Was? Was machte er gut? So eine Scheiße, was meinte sie? Was ging hier vor? Jetzt nur nicht das Gesicht verlieren. Vielleicht bekam er ja etwas raus, wenn er bei ihrem Spiel mitmachte. Mit lässiger Miene setzte er sein Siegesgesicht auf, lehnte sich locker an den Türrahmen und grinste sie an: »Ja, findest du? Danke. Ich finde auch, ich mach das gut. Also hab ich gewonnen.«

»Da bin ich mir noch nicht ganz sicher.« Nadja verschränkte die Arme vor ihrer Brust. »Aber du bist nah dran.«

»Was muss ich denn tun, um zu gewinnen?«

Nadja spitzte den Mund, als überlegte sie sich eine kleine Aufgabe. »Dein Handtuch mit dem blauen Muster. Vermisst du das eigentlich?«

Was? Worauf wollte sie hinaus? Simon hätte am liebsten laut aufgeschrien, weil er hier überhaupt nichts, aber auch gar nichts kapierte. Aber er riss sich zusammen und antwortete so ungerührt wie möglich: »Nein.«

»Schau mal im Wäschekorb nach. In eurem Badezimmer. Da liegt es. Riech mal daran. Findest du nicht auch, dass es total geheimnisvoll nach der verzauberten, alten Mühle riecht?«

Wieder hatte Simon das Gefühl, als würde sämtliches Blut in seinem Körper in seinen Bauch sacken. Fast wurde ihm schwarz vor den Augen. Woher wusste sie, dass oben in seinem Badezimmer ein Handtuch lag, das verzaubert roch?
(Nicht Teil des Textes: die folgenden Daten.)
definition m_idx :: "complex set \<Rightarrow> nat \<Rightarrow> nat" where
  "m_idx F p = Inf {m. m \<ge> 1 \<and> Fp F p \<subseteq> cyc (p ^ m) \<and> p ^ m \<noteq> 2}"

definition t_idx :: "complex set \<Rightarrow> nat \<Rightarrow> nat" where
  "t_idx F p = rel_degree (cyc (p ^ m_idx F p)) (Fp F p)"

definition ppart :: "nat \<Rightarrow> nat \<Rightarrow> nat" where
  "ppart N p = p ^ multiplicity p N"

definition schur_factor :: "nat \<Rightarrow> complex set \<Rightarrow> nat \<Rightarrow> nat" where
  "schur_factor s F p =
     p ^ (m_idx F p * (s div t_idx F p)) * ppart (fact (s div t_idx F p)) p"

text \<open>The product over all primes; only finitely many factors differ from 1 for a
  number field, so we take the product over those primes.\<close>
definition schur_bound :: "nat \<Rightarrow> complex set \<Rightarrow> nat" where
  "schur_bound s F =
     2 ^ (s - s div t_idx F 2) *
     (\<Prod>p \<in> {p. Factorial_Ring.prime p \<and> schur_factor s F p \<noteq> 1}. schur_factor s F p)"

end

theory Submission
  imports Defs "Berlekamp_Zassenhaus.Factor_Bound"
begin

(* For a number field Z of degree N, the field Z^(2) has degree 2^e over Q with 2^e dividing N,
   and the invariants are m(Z,2) = e + j + 1 and t(Z,2) = 2^j, where 2^j = [Q(mu_(2^m)) : Z^(2)].
   Only the prime 2 contributes to v_2(S(s,Z)), which is s + (e + j) q + v_2(q!) with
   q = floor(s / 2^j). Since v_2((2^j q)!) >= j q + v_2(q!), this is at most (n + 1) s + v_2(s!)
   for n = v_2(N), with equality exactly when j = 0 and e = n, i.e. when Z^(2) = Q(mu_(2^(n+1))).
   The maximum is attained by adjoining a real d-th root of 2, d the odd part of N, to
   Q(mu_(2^(n+1))): the degrees 2^n and d are coprime, so the extension has degree d, and a degree
   count shows that Q(mu_(2^(n+1))) is the whole of Z^(2). The product defining S(s,Z) is finite
   because [Q(mu_p) : Q] = p - 1 exceeds N s for large primes p. *)

section \<open>Degrees of field extensions\<close>

context ring
begin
Wie mit einem Hammerschlag donnerte ein neuer Gedanke in seinen Kopf: Nadja! … War Nadja das geheimnisvolle Wesen? Konnte sich das Monster in unterschiedliche Menschen verwandeln? Erst war es Simon und jetzt war es Nadja? Simon taumelte im Flur zurück und brauchte ein paar Schritte, um sich zu fangen. Dann schwankte er ohne ein weiteres Wort die Treppe zum Badezimmer nach oben. Das Letzte, was er von Nadja sah, war ein zufriedenes Grinsen in ihrem Gesicht, während sie weiterhin mit verschränkten Armen und ungewöhnlich breit aufgestellten Beinen im Türrahmen stand. War das ein normales, menschliches Grinsen? Oder ein teuflisches? Wer war das?
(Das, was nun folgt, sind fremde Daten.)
lemma measurable_update_map: "update_map m \<in> (borel \<Otimes>\<^sub>M step_inputs_space) \<rightarrow>\<^sub>M borel"
proof -
  let ?N = "(borel :: ((real^'d) \<times> (real^'d)) measure) \<Otimes>\<^sub>M step_inputs_space"
  have fst_borel: "fst \<in> (borel :: ((real^'d) \<times> (real^'d)) measure) \<rightarrow>\<^sub>M borel"
    and snd_borel: "snd \<in> (borel :: ((real^'d) \<times> (real^'d)) measure) \<rightarrow>\<^sub>M borel"
    using measurable_fst[of "borel :: (real^'d) measure" "borel :: (real^'d) measure"]
      measurable_snd[of "borel :: (real^'d) measure" "borel :: (real^'d) measure"]
    by (simp_all add: borel_prod)
  have coin: "(\<lambda>x. fst (snd x)) \<in> ?N \<rightarrow>\<^sub>M count_space UNIV" and noise: "(\<lambda>x. snd (snd x)) \<in> borel_measurable ?N"
    by measurable
  have pos: "(\<lambda>x. fst (fst x)) \<in> borel_measurable ?N" and vel: "(\<lambda>x. snd (fst x)) \<in> borel_measurable ?N"
    using fst_borel snd_borel by measurable
  note update = measurable_cbo_update[OF convex_D closed_D D_nonempty measurable_const coin noise pos vel]
  have "update_map m \<in> ?N \<rightarrow>\<^sub>M (borel \<Otimes>\<^sub>M borel)"
    unfolding measurable_pair_iff update_map_def using update by (simp add: o_def case_prod_beta)
  then show ?thesis by (simp add: borel_prod)
qed

lemma mf_consensus_eq_law:
  "mf_consensus k i = Xalpha \<alpha> F (distr (distr M borel (\<lambda>\<omega>. Q k \<omega> i)) borel fst)"
proof -
  have "fst \<in> (borel :: ((real^'d) \<times> (real^'d)) measure) \<rightarrow>\<^sub>M (borel :: (real^'d) measure)"
    using measurable_fst[of "borel :: (real^'d) measure" "borel :: (real^'d) measure"] by (simp add: borel_prod)
  from distr_distr[OF this measurable_inputs_sigma_imp_M[OF measurable_mf_copies_pair]]
  show ?thesis by (simp add: mf_consensus_def comp_def)
qed

text \<open>Each copy is driven by its own initial datum, coins and noises with a common law, and
  by the deterministic consensus point, which itself only depends on the law of the copy.\<close>

lemma distr_mf_copies_eq: "distr M borel (\<lambda>\<omega>. Q k \<omega> i) = distr M borel (\<lambda>\<omega>. Q k \<omega> 0)"
proof (induction k arbitrary: i)
  case 0
  show ?case using init_law[of i] by simp
next
  case (Suc k)
  have step: "distr M borel (\<lambda>\<omega>. Q (Suc k) \<omega> j) =
      distr (distr M borel (\<lambda>\<omega>. Q k \<omega> j) \<Otimes>\<^sub>M (measure_pmf (bernoulli_pmf p) \<Otimes>\<^sub>M std_normal_vec))
        borel (update_map (mf_consensus k j))" for j
  proof -
    have disj: "own_history j k \<inter> insert (Coin k j) (range (Noise k j)) = {}"
      by (auto simp: own_history_def)
    have inputs: "(\<lambda>\<omega>. (Tb k j \<omega>, \<xi> k j \<omega>))
        \<in> inputs_sigma (insert (Coin k j) (range (Noise k j))) \<rightarrow>\<^sub>M step_inputs_space"
      by (intro measurable_Pair measurable_coin_inputs_sigma measurable_noise_vec_inputs_sigma) auto
    have joint: "distr M (borel \<Otimes>\<^sub>M step_inputs_space) (\<lambda>\<omega>. (Q k \<omega> j, (Tb k j \<omega>, \<xi> k j \<omega>))) =
        distr M borel (\<lambda>\<omega>. Q k \<omega> j) \<Otimes>\<^sub>M (measure_pmf (bernoulli_pmf p) \<Otimes>\<^sub>M std_normal_vec)"
      using distr_pair_indep_inputs[OF disj measurable_mf_copies_pair inputs] distr_step_inputs by simp
    have "(\<lambda>\<omega>. (Q k \<omega> j, (Tb k j \<omega>, \<xi> k j \<omega>))) \<in> M \<rightarrow>\<^sub>M (borel \<Otimes>\<^sub>M step_inputs_space)"
      using measurable_inputs_sigma_imp_M[OF measurable_mf_copies_pair] measurable_inputs_sigma_imp_M[OF inputs]
      by (rule measurable_Pair)
    from distr_distr[OF measurable_update_map this]
    have "distr M borel (\<lambda>\<omega>. update_map (mf_consensus k j) (Q k \<omega> j, (Tb k j \<omega>, \<xi> k j \<omega>))) =
        distr (distr M (borel \<Otimes>\<^sub>M step_inputs_space) (\<lambda>\<omega>. (Q k \<omega> j, (Tb k j \<omega>, \<xi> k j \<omega>)))) borel
          (update_map (mf_consensus k j))"
      by (simp add: comp_def)
    moreover have "update_map (mf_consensus k j) (Q k \<omega> j, (Tb k j \<omega>, \<xi> k j \<omega>)) = Q (Suc k) \<omega> j" for \<omega>
      unfolding mf_copies_Suc update_map_def by simp
    ultimately show ?thesis unfolding joint by simp
  qed
  have "mf_consensus k i = mf_consensus k 0" unfolding mf_consensus_eq_law Suc.IH[of i] ..
  then show ?case unfolding step Suc.IH[of i] by simp
qed

lemma mf_consensus_eq: "mf_consensus k i = mf_consensus k 0"
  unfolding mf_consensus_eq_law distr_mf_copies_eq[of k i] ..

subsection \<open>Law of large numbers for the consensus point\<close>

definition mf_deviation :: "nat \<Rightarrow> nat \<Rightarrow> 'd \<Rightarrow> 'a \<Rightarrow> real" where
  "mf_deviation k j l \<omega> = w (fst (Q k \<omega> j)) * (fst (Q k \<omega> j) $ l - mf_consensus k 0 $ l)"

lemma measurable_mf_deviation: "mf_deviation k j l \<in> borel_measurable (inputs_sigma (own_history j k))"
proof -
  note [measurable] = measurable_mf_copies[THEN conjunct1]
  show ?thesis unfolding mf_deviation_def[abs_def] by measurable
qed

lemma abs_mf_deviation_le:
  assumes "fst (Q k \<omega> j) \<in> D"
  shows "\<bar>mf_deviation k j l \<omega>\<bar> \<le> 2 * R * wu"
proof -
  have "\<bar>fst (Q k \<omega> j) $ l - mf_consensus k 0 $ l\<bar> \<le> norm (fst (Q k \<omega> j) - mf_consensus k 0)"
    using component_le_norm_cart[of "fst (Q k \<omega> j) - mf_consensus k 0" l] by simp
  also have "\<dots> \<le> 2 * R"
    using norm_triangle_ineq4[of "fst (Q k \<omega> j)" "mf_consensus k 0"] norm_le_R[OF assms]
      norm_mf_consensus_le[of k 0] by simp
  finally have "\<bar>fst (Q k \<omega> j) $ l - mf_consensus k 0 $ l\<bar> \<le> 2 * R" .
  moreover have "0 \<le> w (fst (Q k \<omega> j))" "w (fst (Q k \<omega> j)) \<le> wu"
    using weight_bounds[OF assms] wl_pos by auto
  ultimately show ?thesis
    unfolding mf_deviation_def abs_mult using mult_mono[of _ wu _ "2 * R"] by (simp add: mult_ac)
qed

lemma AE_abs_mf_deviation_le: "AE \<omega> in M. \<bar>mf_deviation k j l \<omega>\<bar> \<le> 2 * R * wu"
  using AE_positions_in_D by eventually_elim (simp add: abs_mf_deviation_le)

lemma integrable_mf_deviation: "integrable M (mf_deviation k j l)"
  using AE_abs_mf_deviation_le measurable_inputs_sigma_imp_M[OF measurable_mf_deviation]
  by (intro integrable_const_bound[where B="2 * R * wu"]) auto

lemma integral_mf_deviation: "(\<integral>\<omega>. mf_deviation k j l \<omega> \<partial>M) = 0"
proof -
  have "AE \<omega> in M. fst (Q k \<omega> j) \<in> D" using AE_positions_in_D by eventually_elim simp
  from integral_weighted_deviation_eq_0[OF borel_measurable_states(3) this, of l]
  show ?thesis using mf_consensus_eq[of k j] by (simp add: mf_deviation_def mf_consensus_def)
qed

lemma integral_mf_deviation_mult:
  "j \<noteq> j' \<Longrightarrow> (\<integral>\<omega>. mf_deviation k j l \<omega> * mf_deviation k j' l \<omega> \<partial>M) = 0"
  using integral_mult_indep_inputs(2)[OF own_history_disjoint measurable_mf_deviation measurable_mf_deviation
      integrable_mf_deviation integrable_mf_deviation]
  by (simp add: integral_mf_deviation)

lemma norm_emp_consensus_mf_err_le:
  assumes "\<forall>k i. fst (P k \<omega> i) \<in> D \<and> fst (Q k \<omega> i) \<in> D"
  shows "norm (emp_consensus_mf k \<omega> - mf_consensus k i)
    \<le> (1 / (real N * wl)) * (\<Sum>l\<in>UNIV. \<bar>\<Sum>j<N. mf_deviation k j l \<omega>\<bar>)"
proof -
  define S where "S = (\<Sum>j<N. w (fst (Q k \<omega> j)))"
  define V where "V = (\<Sum>j<N. w (fst (Q k \<omega> j)) *\<^sub>R (fst (Q k \<omega> j) - mf_consensus k 0))"
  have "(\<Sum>j<N. wl) \<le> S" unfolding S_def using weight_bounds assms by (intro sum_mono) auto
  then have S_ge: "real N * wl \<le> S" by simp
  have Nwl_pos: "real N * wl > 0" using N_pos wl_pos by simp
  have "emp_consensus_mf k \<omega> - mf_consensus k i = (1 / S) *\<^sub>R V"
    unfolding emp_consensus_mf_def mf_consensus_eq[of k i] S_def V_def
    using S_ge Nwl_pos by (intro weighted_mean_minus) (simp add: S_def)
  moreover have "V $ l = (\<Sum>j<N. mf_deviation k j l \<omega>)" for l
    by (simp add: V_def mf_deviation_def)
  ultimately have "norm (emp_consensus_mf k \<omega> - mf_consensus k i)
      \<le> (1 / S) * (\<Sum>l\<in>UNIV. \<bar>\<Sum>j<N. mf_deviation k j l \<omega>\<bar>)"
    using S_ge Nwl_pos norm_le_l1_cart[of V] by (simp add: divide_right_mono)
  also have "\<dots> \<le> (1 / (real N * wl)) * (\<Sum>l\<in>UNIV. \<bar>\<Sum>j<N. mf_deviation k j l \<omega>\<bar>)"
    using S_ge Nwl_pos by (intro mult_right_mono divide_left_mono sum_nonneg) auto
  finally show ?thesis .
qed

lemma expectation_emp_consensus_mf_err_le:
  "(\<integral>\<omega>. norm (emp_consensus_mf k \<omega> - mf_consensus k i) \<partial>M)
     \<le> (2 * R * wu * real CARD('d) / wl) / sqrt (real N)"
proof -
  have int_sum: "integrable M (\<lambda>\<omega>. \<bar>\<Sum>j<N. mf_deviation k j l \<omega>\<bar>)" for l
    by (intro integrable_abs Bochner_Integration.integrable_sum integrable_mf_deviation)
  have "(\<integral>\<omega>. norm (emp_consensus_mf k \<omega> - mf_consensus k i) \<partial>M)
      \<le> (\<integral>\<omega>. (1 / (real N * wl)) * (\<Sum>l\<in>UNIV. \<bar>\<Sum>j<N. mf_deviation k j l \<omega>\<bar>) \<partial>M)"
  proof (rule integral_mono_AE)
    show "AE \<omega> in M. norm (emp_consensus_mf k \<omega> - mf_consensus k i)
        \<le> (1 / (real N * wl)) * (\<Sum>l\<in>UNIV. \<bar>\<Sum>j<N. mf_deviation k j l \<omega>\<bar>)"
      using AE_positions_in_D by eventually_elim (rule norm_emp_consensus_mf_err_le)
  qed (use integrable_emp_consensus_mf_err int_sum in auto)
  also have "\<dots> = (1 / (real N * wl)) * (\<Sum>l\<in>UNIV. (\<integral>\<omega>. \<bar>\<Sum>j<N. mf_deviation k j l \<omega>\<bar> \<partial>M))"
    using int_sum by (simp add: Bochner_Integration.integral_sum)
  also have "\<dots> \<le> (1 / (real N * wl)) * (\<Sum>l\<in>(UNIV::'d set). 2 * R * wu * sqrt (real N))"
  proof (intro mult_left_mono sum_mono)
    fix l :: 'd
    show "(\<integral>\<omega>. \<bar>\<Sum>j<N. mf_deviation k j l \<omega>\<bar> \<partial>M) \<le> 2 * R * wu * sqrt (real N)"
      using measurable_inputs_sigma_imp_M[OF measurable_mf_deviation] AE_abs_mf_deviation_le
        integral_mf_deviation_mult R_nonneg wu_nonneg
      by (intro expectation_abs_sum_orthogonal_le) auto
  qed (use wl_pos in simp)
  also have "\<dots> = (2 * R * wu * real CARD('d) / wl) / sqrt (real N)"
  proof -
    have "sqrt (real N) * sqrt (real N) = real N" by simp
    moreover have "sqrt (real N) > 0" using N_pos by simp
    ultimately show ?thesis using wl_pos by (simp add: field_simps)
  qed
  finally show ?thesis .
qed

definition mean_pos_err :: "nat \<Rightarrow> real" where
  "mean_pos_err k = (1 / real N) * (\<Sum>i<N. (\<integral>\<omega>. pos_err k i \<omega> \<partial>M))"

definition mean_vel_err :: "nat \<Rightarrow> real" where
  "mean_vel_err k = (1 / real N) * (\<Sum>i<N. (\<integral>\<omega>. vel_err k i \<omega> \<partial>M))"

lemma rate_nonneg: "coupling_rate CARD('d) lam \<sigma> R wl wu Lw \<ge> 0"
  using lam_nonneg sigma_nonneg R_nonneg wl_pos wu_nonneg lipschitz_on_nonneg[OF weight_lipschitz]
  by (rule coupling_rate_nonneg)

lemma mean_pos_err_nonneg: "mean_pos_err k \<ge> 0"
  unfolding mean_pos_err_def using errs_nonneg by (intro mult_nonneg_nonneg sum_nonneg integral_nonneg_AE) auto

lemma mean_drive_err_le:
  "(1 / real N) * (\<Sum>i<N. (\<integral>\<omega>. drive_err k i \<omega> \<partial>M))
     \<le> coupling_rate CARD('d) lam \<sigma> R wl wu Lw * (mean_pos_err k + 1 / sqrt (real N))"
proof -
  define Lm where "Lm = (2 * R * Lw + wu) / wl"
  define Cn where "Cn = 2 * R * wu * real CARD('d) / wl"
  define c where "c = real CARD('d) * (lam + \<sigma>)"
  define a where "a = mean_pos_err k"
  define e where "e = 1 / sqrt (real N)"
  have c_nonneg: "c \<ge> 0" unfolding c_def using lam_nonneg sigma_nonneg by simp
  have "(\<integral>\<omega>. drive_err k i \<omega> \<partial>M) \<le> c * (Lm * a + Cn * e + (\<integral>\<omega>. pos_err k i \<omega> \<partial>M))" for i
  proof -
    have "(\<integral>\<omega>. input_err k i \<omega> \<partial>M) \<le> Lm * a + Cn * e + (\<integral>\<omega>. pos_err k i \<omega> \<partial>M)"
      using expectation_input_err_le[of k i] expectation_emp_consensus_mf_err_le[of k i]
      unfolding Lm_def Cn_def a_def e_def mean_pos_err_def by simp
    from mult_left_mono[OF this c_nonneg] show ?thesis
      using expectation_drive_err_le(2)[of k i] unfolding c_def by linarith
  qed
  then have "(1 / real N) * (\<Sum>i<N. (\<integral>\<omega>. drive_err k i \<omega> \<partial>M))
      \<le> (1 / real N) * (\<Sum>i<N. c * (Lm * a + Cn * e + (\<integral>\<omega>. pos_err k i \<omega> \<partial>M)))"
    by (intro mult_left_mono sum_mono) auto
  also have "\<dots> = c * (Lm * a + Cn * e + a)"
    using N_pos unfolding a_def mean_pos_err_def by (simp add: sum.distrib sum_distrib_left field_simps)
  also have "\<dots> \<le> c * ((Lm + 1 + Cn) * (a + e))"
  proof (rule mult_left_mono[OF _ c_nonneg])
    have "Lm \<ge> 0" "Cn \<ge> 0" "a \<ge> 0" "e \<ge> 0"
      unfolding Lm_def Cn_def a_def e_def
      using R_nonneg wu_nonneg wl_pos lipschitz_on_nonneg[OF weight_lipschitz] mean_pos_err_nonneg by auto
    then have "Cn * a + Lm * e + e \<ge> 0" by simp
    moreover have "(Lm + 1 + Cn) * (a + e) = Lm * a + Cn * e + a + (Cn * a + Lm * e + e)"
      by (simp add: algebra_simps)
    ultimately show "Lm * a + Cn * e + a \<le> (Lm + 1 + Cn) * (a + e)" by linarith
  qed
  also have "\<dots> = coupling_rate CARD('d) lam \<sigma> R wl wu Lw * (mean_pos_err k + 1 / sqrt (real N))"
    unfolding coupling_rate_def Lm_def Cn_def c_def a_def e_def by simp
  finally show ?thesis .
qed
Voller Hektik durchwühlte er den Wäschekorb im Badezimmer, bis er das Handtuch mit dem blauen Muster fand. Geradewegs hielt er es sich ins Gesicht und wollte einmal kräftig daran riechen. Aber schon beim ersten Riech-Impuls stach ihm so ein Gestank in die Nase, dass er das Handtuch fallen ließ, als wäre es mit Strom aufgeladen. Er selbst wich vor Ekel zurück, stolperte, fiel rückwärts nach hinten und stieß sich den Kopf an der Badewanne. Das Handtuch stank nach Schwefel, Dreck, Hundescheiße und Katzenpisse. Simon hätte sich übergeben können, aber er beherrschte sich. Woher wusste sie … ? Woher kam das Handtuch … ? Wie kam es hier rein … ? Nadja! Nadja war die Schlüsselperson! Sie war die Verzauberte! Sein Kopf schmerzte wie verrückt, sein Magen drehte sich um, er würgte. Sein Essen schoss ihm von unten hinauf in den Hals, er schluckte aber alles wieder runter. Jetzt erst mal die Dämonin unten in der Tür einfangen. Simon wollte im Bad aufspringen, aber sofort wurde ihm wieder schlecht und schwindelig zugleich und er polterte zurück auf den Boden. Egal. Nur raus hier. Auf allen Vieren krabbelte er zum Bad raus und ließ sich auf dem Bauch die Stufen nach unten gleiten. »Nadja!«, brüllte er. »Wer bist du?«

Niemand mehr da. Die Haustür stand offen, keine Menschenseele zu sehen. Und auch keine seelenlose Kreatur. Hatte er sich das wieder nur eingebildet? Mit wem hatte er da gerade gesprochen? Er zog sich am Türrahmen hoch und brüllte mit letzter Kraft in die menschenleere Straße hinaus: »Ich werde dich finden!!!«

Dann beugte er sich neben die Haustür und brach gefühlt das Essen der letzten drei Tage aus.